Posted on:2006-02-01Degree:Ph.DType:Thesis
University:Stanford UniversityCandidate:Tucker, CatherineFull Text:PDF
GTID:2459390008463616Subject:Economics
Abstract/Summary:
Networks are often composed of heterogeneous participants. This thesis shows that this heterogeneity can be exploited in order to establish causal relationships between the installed base of users of a network technology, and network technology adoption. I look at two main examples.; First, I consider two-sided network effects in electronic payments. Many new technologies have two groups of users, whose ultimate benefit stems from their interaction through a common network. Lack of coordination could lead to an equilibrium where cost savings are not realized, since no one adopts. In the ACH payments network, there are Originators of payments, and Receivers of payments. Since the presence of one group is complementary to the other, one group of users' decisions to join the network has a positive effect on the other group. I use shocks to the installed base on one side of the network, to identify positive network effects on the other side.
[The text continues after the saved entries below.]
(* Let $\bar P_1,\bar P_2>0$ and $0<h_1\le h_2$. For $\mathbf P=(P_1,P_2)$ with $0\le P_k\le\bar P_k$ let $$R(\mathbf P)=\tfrac12\big[\log(1+P_1)+\log(1+P_2)-\log(1+h_1P_1+h_2P_2)\big]^+ .$$ Then the following allocation maximizes $R$ over $[0,\bar P_1]\times[0,\bar P_2]$: $$(P^*_1,P^*_2)=\begin{cases}(\bar P_1,\bar P_2),&\text{if } h_1\le1+h_2\bar P_2\text{ and }h_2<1+h_1\bar P_1,\\(\bar P_1,0),&\text{if } h_1<1\text{ and }h_2\ge1+h_1\bar P_1,\\(0,0),&\text{otherwise.}\end{cases}$$
   Context: $\log$ base 2, $[x]^+=\max\{x,0\}$. $R(\mathbf P)$ is the secrecy sum-rate bound of the superposition region of the standardized Gaussian two-way wire-tap channel, with $h_1,h_2$ the standardized eavesdropper gains of terminals 1 and 2. *)

theory Defs
  imports Complex_Main
begin

definition secR :: "real \<Rightarrow> real \<Rightarrow> real \<Rightarrow> real \<Rightarrow> real" where
  "secR h1 h2 P1 P2 =
     (1/2) * max (log 2 (1 + P1) + log 2 (1 + P2) - log 2 (1 + h1 * P1 + h2 * P2)) 0"

definition opt_alloc :: "real \<Rightarrow> real \<Rightarrow> real \<Rightarrow> real \<Rightarrow> real \<times> real" where
  "opt_alloc h1 h2 Pb1 Pb2 =
     (if h1 \<le> 1 + h2 * Pb2 \<and> h2 < 1 + h1 * Pb1 then (Pb1, Pb2)
      else if h1 < 1 \<and> h2 \<ge> 1 + h1 * Pb1 then (Pb1, 0)
      else (0, 0))"

end

theory Submission
  imports Defs
begin

text \<open>
  Since \<open>[log g]\<^sup>+ = log (max g 1)\<close>, maximising \<open>R\<close> amounts to maximising the ratio
  \<open>g(P) = (1 + P\<^sub>1)(1 + P\<^sub>2) / (1 + h\<^sub>1P\<^sub>1 + h\<^sub>2P\<^sub>2)\<close> (clipped at 1). For every level \<open>M\<close>
  the set \<open>g \<le> M\<close> is described by \<open>(1 + P\<^sub>1)(1 + P\<^sub>2) - M(1 + h\<^sub>1P\<^sub>1 + h\<^sub>2P\<^sub>2) \<le> 0\<close>,
  a bilinear condition, so on a rectangle \<open>g\<close> is bounded by its values at the four corners.
  Along an edge, \<open>g\<close> is a linear-fractional function of one power whose monotonicity is decided by
  comparing the gain \<open>h\<^sub>k\<close> with \<open>1 + h\<^sub>jP\<^sub>j\<close>; this comparison of the corners yields the
  three cases of the allocation.
\<close>

lemma affine_le_max_endpoints:
  fixes a b t T :: real
  assumes "t \<in> {0..T}"
  shows "a + t * b \<le> max a (a + T * b)"
proof (cases "b \<ge> 0")
  case True
  then have "t * b \<le> T * b" using assms by (simp add: mult_right_mono)
  then show ?thesis by simp
next
  case False
  then have "t * b \<le> 0" using assms by (simp add: mult_nonneg_nonpos)
  then show ?thesis by simp
qed

lemma bilinear_le_max_corners:
  fixes f :: "real \<Rightarrow> real \<Rightarrow> real"
  assumes f: "\<And>x y. f x y = a + b * x + c * y + d * x * y"
    and x: "x \<in> {0..X}" and y: "y \<in> {0..Y}"
  shows "f x y \<le> max (max (f 0 0) (f X 0)) (max (f 0 Y) (f X Y))"
proof -
  have in_x: "f x' y' \<le> max (f 0 y') (f X y')" if "x' \<in> {0..X}" for x' y'
    using affine_le_max_endpoints[OF that, of "f 0 y'" "b + d * y'"]
    by (simp add: f algebra_simps)
  have in_y: "f x' y \<le> max (f x' 0) (f x' Y)" for x'
    using affine_le_max_endpoints[OF y, of "f x' 0" "c + d * x'"]
    by (simp add: f algebra_simps)
  show ?thesis
    using in_x[OF x, of y] in_y[of 0] in_y[of X] by linarith
qed

definition secrecy_ratio :: "real \<Rightarrow> real \<Rightarrow> real \<Rightarrow> real \<Rightarrow> real" where
  "secrecy_ratio h1 h2 P1 P2 = (1 + P1) * (1 + P2) / (1 + h1 * P1 + h2 * P2)"

lemma secrecy_ratio_swap: "secrecy_ratio h1 h2 P1 P2 = secrecy_ratio h2 h1 P2 P1"
  by (simp add: secrecy_ratio_def algebra_simps)

lemma secrecy_ratio_zero_zero [simp]: "secrecy_ratio h1 h2 0 0 = 1"
  by (simp add: secrecy_ratio_def)

lemma secrecy_ratio_pos:
  assumes "0 \<le> h1" "0 \<le> h2" "0 \<le> P1" "0 \<le> P2"
  shows "0 < secrecy_ratio h1 h2 P1 P2"
proof -
  have "0 < 1 + h1 * P1 + h2 * P2" using assms by (simp add: add_pos_nonneg)
  then show ?thesis
    unfolding secrecy_ratio_def using assms by (intro divide_pos_pos mult_pos_pos) auto
qed

lemma secR_eq_log_secrecy_ratio:
  assumes "0 \<le> h1" "0 \<le> h2" "0 \<le> P1" "0 \<le> P2"
  shows "secR h1 h2 P1 P2 = log 2 (max (secrecy_ratio h1 h2 P1 P2) 1) / 2"
proof -
  let ?g = "secrecy_ratio h1 h2 P1 P2"
  have "0 < 1 + h1 * P1 + h2 * P2" using assms by (simp add: add_pos_nonneg)
  then have "log 2 ?g = log 2 (1 + P1) + log 2 (1 + P2) - log 2 (1 + h1 * P1 + h2 * P2)"
    using assms by (simp add: secrecy_ratio_def log_mult log_divide)
  moreover have "max (log 2 ?g) 0 = log 2 (max ?g 1)"
    using secrecy_ratio_pos[OF assms] by (simp add: max_def)
  ultimately show ?thesis by (simp add: secR_def)
qed

lemma secR_mono_secrecy_ratio:
  assumes "0 \<le> h1" "0 \<le> h2" "0 \<le> P1" "0 \<le> P2" "0 \<le> Q1" "0 \<le> Q2"
    and "secrecy_ratio h1 h2 P1 P2 \<le> max (secrecy_ratio h1 h2 Q1 Q2) 1"
  shows "secR h1 h2 P1 P2 \<le> secR h1 h2 Q1 Q2"
  using assms by (simp add: secR_eq_log_secrecy_ratio)

lemma secrecy_ratio_le_iff:
  assumes "0 \<le> h1" "0 \<le> h2" "0 \<le> P1" "0 \<le> P2"
  shows "secrecy_ratio h1 h2 P1 P2 \<le> M \<longleftrightarrow>
         (1 + P1) * (1 + P2) - M * (1 + h1 * P1 + h2 * P2) \<le> 0"
proof -
  have "0 < 1 + h1 * P1 + h2 * P2" using assms by (simp add: add_pos_nonneg)
  then show ?thesis by (simp add: secrecy_ratio_def divide_le_eq algebra_simps)
qed

lemma secrecy_ratio_le_max_corners:
  assumes "0 \<le> h1" "0 \<le> h2" and x: "x \<in> {0..X}" and y: "y \<in> {0..Y}"
  defines "g \<equiv> secrecy_ratio h1 h2"
  shows "g x y \<le> max (max (g 0 0) (g X 0)) (max (g 0 Y) (g X Y))"
proof -
  define M where "M = max (max (g 0 0) (g X 0)) (max (g 0 Y) (g X Y))"
  define F where "F = (\<lambda>x y. (1 + x) * (1 + y) - M * (1 + h1 * x + h2 * y))"
  have F_bilinear: "F x y = (1 - M) + (1 - M * h1) * x + (1 - M * h2) * y + 1 * x * y" for x y
    by (simp add: F_def algebra_simps)
  have g_le_M_iff: "g x' y' \<le> M \<longleftrightarrow> F x' y' \<le> 0" if "0 \<le> x'" "0 \<le> y'" for x' y'
    using secrecy_ratio_le_iff[OF assms(1,2) that] by (simp add: g_def F_def)
  have "0 \<le> X" "0 \<le> Y" using x y by auto
  moreover have "g 0 0 \<le> M" "g X 0 \<le> M" "g 0 Y \<le> M" "g X Y \<le> M"
    by (simp_all add: M_def)
  ultimately have "F 0 0 \<le> 0" "F X 0 \<le> 0" "F 0 Y \<le> 0" "F X Y \<le> 0"
    using g_le_M_iff by simp_all
  then have "F x y \<le> 0"
    using bilinear_le_max_corners[of F, OF F_bilinear x y] by simp
  then show ?thesis using g_le_M_iff x y by (simp add: M_def)
qed

text \<open>
  \<open>(1 + y)(1 + h\<^sub>1x) - (1 + h\<^sub>1x + h\<^sub>2y) = y(1 + h\<^sub>1x - h\<^sub>2)\<close>: adding power \<open>y\<close> to the second
  terminal helps exactly when \<open>h\<^sub>2 \<le> 1 + h\<^sub>1x\<close>.
\<close>

lemma secrecy_ratio_increasing_second:
  assumes "0 \<le> h1" "0 \<le> h2" "0 \<le> x" "0 \<le> y" "h2 \<le> 1 + h1 * x"
  shows "secrecy_ratio h1 h2 x 0 \<le> secrecy_ratio h1 h2 x y"
proof -
  have "1 + h1 * x + h2 * y \<le> (1 + y) * (1 + h1 * x)"
    using mult_right_mono[OF assms(5,4)] by (simp add: algebra_simps)
  then have "(1 + x) * (1 + h1 * x + h2 * y) \<le> (1 + x) * ((1 + y) * (1 + h1 * x))"
    using assms(3) by (simp add: mult_left_mono)
  then show ?thesis using assms
    by (simp add: secrecy_ratio_def divide_le_eq le_divide_eq add_pos_nonneg algebra_simps)
qed

lemma secrecy_ratio_decreasing_second:
  assumes "0 \<le> h1" "0 \<le> h2" "0 \<le> x" "0 \<le> y" "1 + h1 * x \<le> h2"
  shows "secrecy_ratio h1 h2 x y \<le> secrecy_ratio h1 h2 x 0"
proof -
  have "(1 + y) * (1 + h1 * x) \<le> 1 + h1 * x + h2 * y"
    using mult_right_mono[OF assms(5,4)] by (simp add: algebra_simps)
  then have "(1 + x) * ((1 + y) * (1 + h1 * x)) \<le> (1 + x) * (1 + h1 * x + h2 * y)"
    using assms(3) by (simp add: mult_left_mono)
  then show ?thesis using assms
    by (simp add: secrecy_ratio_def divide_le_eq le_divide_eq add_pos_nonneg algebra_simps)
qed

lemma secrecy_ratio_increasing_first:
  assumes "0 \<le> h1" "0 \<le> h2" "0 \<le> x" "0 \<le> y" "h1 \<le> 1 + h2 * y"
  shows "secrecy_ratio h1 h2 0 y \<le> secrecy_ratio h1 h2 x y"
  using secrecy_ratio_increasing_second[of h2 h1 y x] assms by (simp add: secrecy_ratio_swap)

lemma secrecy_ratio_decreasing_first:
  assumes "0 \<le> h1" "0 \<le> h2" "0 \<le> x" "0 \<le> y" "1 + h2 * y \<le> h1"
  shows "secrecy_ratio h1 h2 x y \<le> secrecy_ratio h1 h2 0 y"
  using secrecy_ratio_decreasing_second[of h2 h1 y x] assms by (simp add: secrecy_ratio_swap)

lemma opt_alloc_dominates_corners:
  fixes Pb1 Pb2 h1 h2 :: real
  assumes "Pb1 > 0" "Pb2 > 0" "0 < h1" "h1 \<le> h2"
    and "x \<in> {0, Pb1}" "y \<in> {0, Pb2}"
  defines "g \<equiv> secrecy_ratio h1 h2"
  shows "g x y \<le> max (g (fst (opt_alloc h1 h2 Pb1 Pb2)) (snd (opt_alloc h1 h2 Pb1 Pb2))) 1"
proof -
  have nonneg: "0 \<le> h1" "0 \<le> h2" "0 \<le> Pb1" "0 \<le> Pb2" "0 \<le> h1 * Pb1" "0 \<le> h2 * Pb2"
    using assms by auto
  note incr2 = secrecy_ratio_increasing_second[OF nonneg(1,2), folded g_def]
   and decr2 = secrecy_ratio_decreasing_second[OF nonneg(1,2), folded g_def]
   and incr1 = secrecy_ratio_increasing_first[OF nonneg(1,2), folded g_def]
   and decr1 = secrecy_ratio_decreasing_first[OF nonneg(1,2), folded g_def]
  have g00: "g 0 0 = 1" by (simp add: g_def)
  consider (full) "h1 \<le> 1 + h2 * Pb2" "h2 < 1 + h1 * Pb1"
    | (first_only) "h1 < 1" "1 + h1 * Pb1 \<le> h2"
    | (silent_h2) "1 \<le> h1" "1 + h1 * Pb1 \<le> h2"
    | (silent_h1) "1 + h2 * Pb2 < h1"
    by linarith
  then show ?thesis
  proof cases
    case full
    then have "opt_alloc h1 h2 Pb1 Pb2 = (Pb1, Pb2)" using nonneg by (simp add: opt_alloc_def)
    moreover have "g Pb1 0 \<le> g Pb1 Pb2" using incr2 full nonneg by simp
    moreover have "g 0 Pb2 \<le> g Pb1 Pb2" using incr1 full nonneg by simp
    ultimately show ?thesis using assms(5,6) g00 by auto
  next
    case first_only
    then have "opt_alloc h1 h2 Pb1 Pb2 = (Pb1, 0)" using nonneg by (auto simp: opt_alloc_def)
    moreover have "g Pb1 Pb2 \<le> g Pb1 0" using decr2 first_only nonneg by simp
    moreover have "g 0 Pb2 \<le> g 0 0" using decr2[of 0 Pb2] first_only nonneg by simp
    ultimately show ?thesis using assms(5,6) g00 by auto
  next
    case silent_h2
    then have "opt_alloc h1 h2 Pb1 Pb2 = (0, 0)" using nonneg by (auto simp: opt_alloc_def)
    moreover have "g Pb1 0 \<le> g 0 0" using decr1[of Pb1 0] silent_h2 nonneg by simp
    moreover have "g 0 Pb2 \<le> g 0 0" using decr2[of 0 Pb2] silent_h2 nonneg by simp
    moreover have "g Pb1 Pb2 \<le> g Pb1 0" using decr2 silent_h2 nonneg by simp
    ultimately show ?thesis using assms(5,6) g00 by auto
  next
    case silent_h1
    then have "\<not> h1 < 1" using nonneg by linarith
    with silent_h1 have "opt_alloc h1 h2 Pb1 Pb2 = (0, 0)" by (simp add: opt_alloc_def)
    moreover have "g Pb1 0 \<le> g 0 0" using decr1[of Pb1 0] silent_h1 nonneg by simp
    moreover have "g 0 Pb2 \<le> g 0 0" using decr2[of 0 Pb2] silent_h1 nonneg assms(4) by simp
    moreover have "g Pb1 Pb2 \<le> g 0 Pb2" using decr1 silent_h1 nonneg by simp
    ultimately show ?thesis using assms(5,6) g00 by auto
  qed
qed

theorem theorem4:
  fixes Pb1 Pb2 h1 h2 :: real
  assumes "Pb1 > 0" and "Pb2 > 0" and "0 < h1" and "h1 \<le> h2"
  shows "fst (opt_alloc h1 h2 Pb1 Pb2) \<in> {0..Pb1} \<and> snd (opt_alloc h1 h2 Pb1 Pb2) \<in> {0..Pb2} \<and>
         (\<forall>P1 \<in> {0..Pb1}. \<forall>P2 \<in> {0..Pb2}.
            secR h1 h2 P1 P2 \<le> secR h1 h2 (fst (opt_alloc h1 h2 Pb1 Pb2)) (snd (opt_alloc h1 h2 Pb1 Pb2)))"
proof -
  define Q1 where "Q1 = fst (opt_alloc h1 h2 Pb1 Pb2)"
  define Q2 where "Q2 = snd (opt_alloc h1 h2 Pb1 Pb2)"
  have Q_box: "Q1 \<in> {0..Pb1}" "Q2 \<in> {0..Pb2}"
    using assms by (auto simp: Q1_def Q2_def opt_alloc_def)
  have "secR h1 h2 P1 P2 \<le> secR h1 h2 Q1 Q2" if P: "P1 \<in> {0..Pb1}" "P2 \<in> {0..Pb2}" for P1 P2
  proof (rule secR_mono_secrecy_ratio)
    let ?g = "secrecy_ratio h1 h2"
    have corner: "?g x y \<le> max (?g Q1 Q2) 1" if "x \<in> {0, Pb1}" "y \<in> {0, Pb2}" for x y
      using opt_alloc_dominates_corners[OF assms that] by (simp add: Q1_def Q2_def)
    have "?g P1 P2 \<le> max (max (?g 0 0) (?g Pb1 0)) (max (?g 0 Pb2) (?g Pb1 Pb2))"
      using secrecy_ratio_le_max_corners[OF _ _ P] assms by simp
    also have "\<dots> \<le> max (?g Q1 Q2) 1"
      using corner[of 0 0] corner[of Pb1 0] corner[of 0 Pb2] corner[of Pb1 Pb2] by simp
    finally show "?g P1 P2 \<le> max (?g Q1 Q2) 1" .
  qed (use assms P Q_box in auto)
  then show ?thesis using Q_box by (simp add: Q1_def Q2_def)
qed

end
Likelihood bounds methods that reflect the potential for multiple equilibria in the initial setting further support this result.; Second, I look at direct network effects in communication technologies. I use extensive data on all potential adopters of a firm's internal video-messaging system and their video-messaging patterns. The technology can also be used to watch TV. Exogenous individual shocks to benefits of watching TV are used to identify the causal (network) effect of changes in the installed base on installation decisions. There are two major findings. The first finding is that network effects are "interaction-based". Employees only react to the adoption decisions of those they ultimately communicate with. The second finding is that network effects are heterogeneous: Installation by managers, and workers in "information broker" positions, has a large impact on the installation decisions of employees who wish to communicate with them. Installation by ordinary workers has a far smaller impact. Furthermore these "influential" installers do not internalize the positive effect their installation has on the future installation decisions of others. Optimal technology policy should therefore focus adoption incentives on influential users of a network product, rather than subsidizing everyone's adoption equally.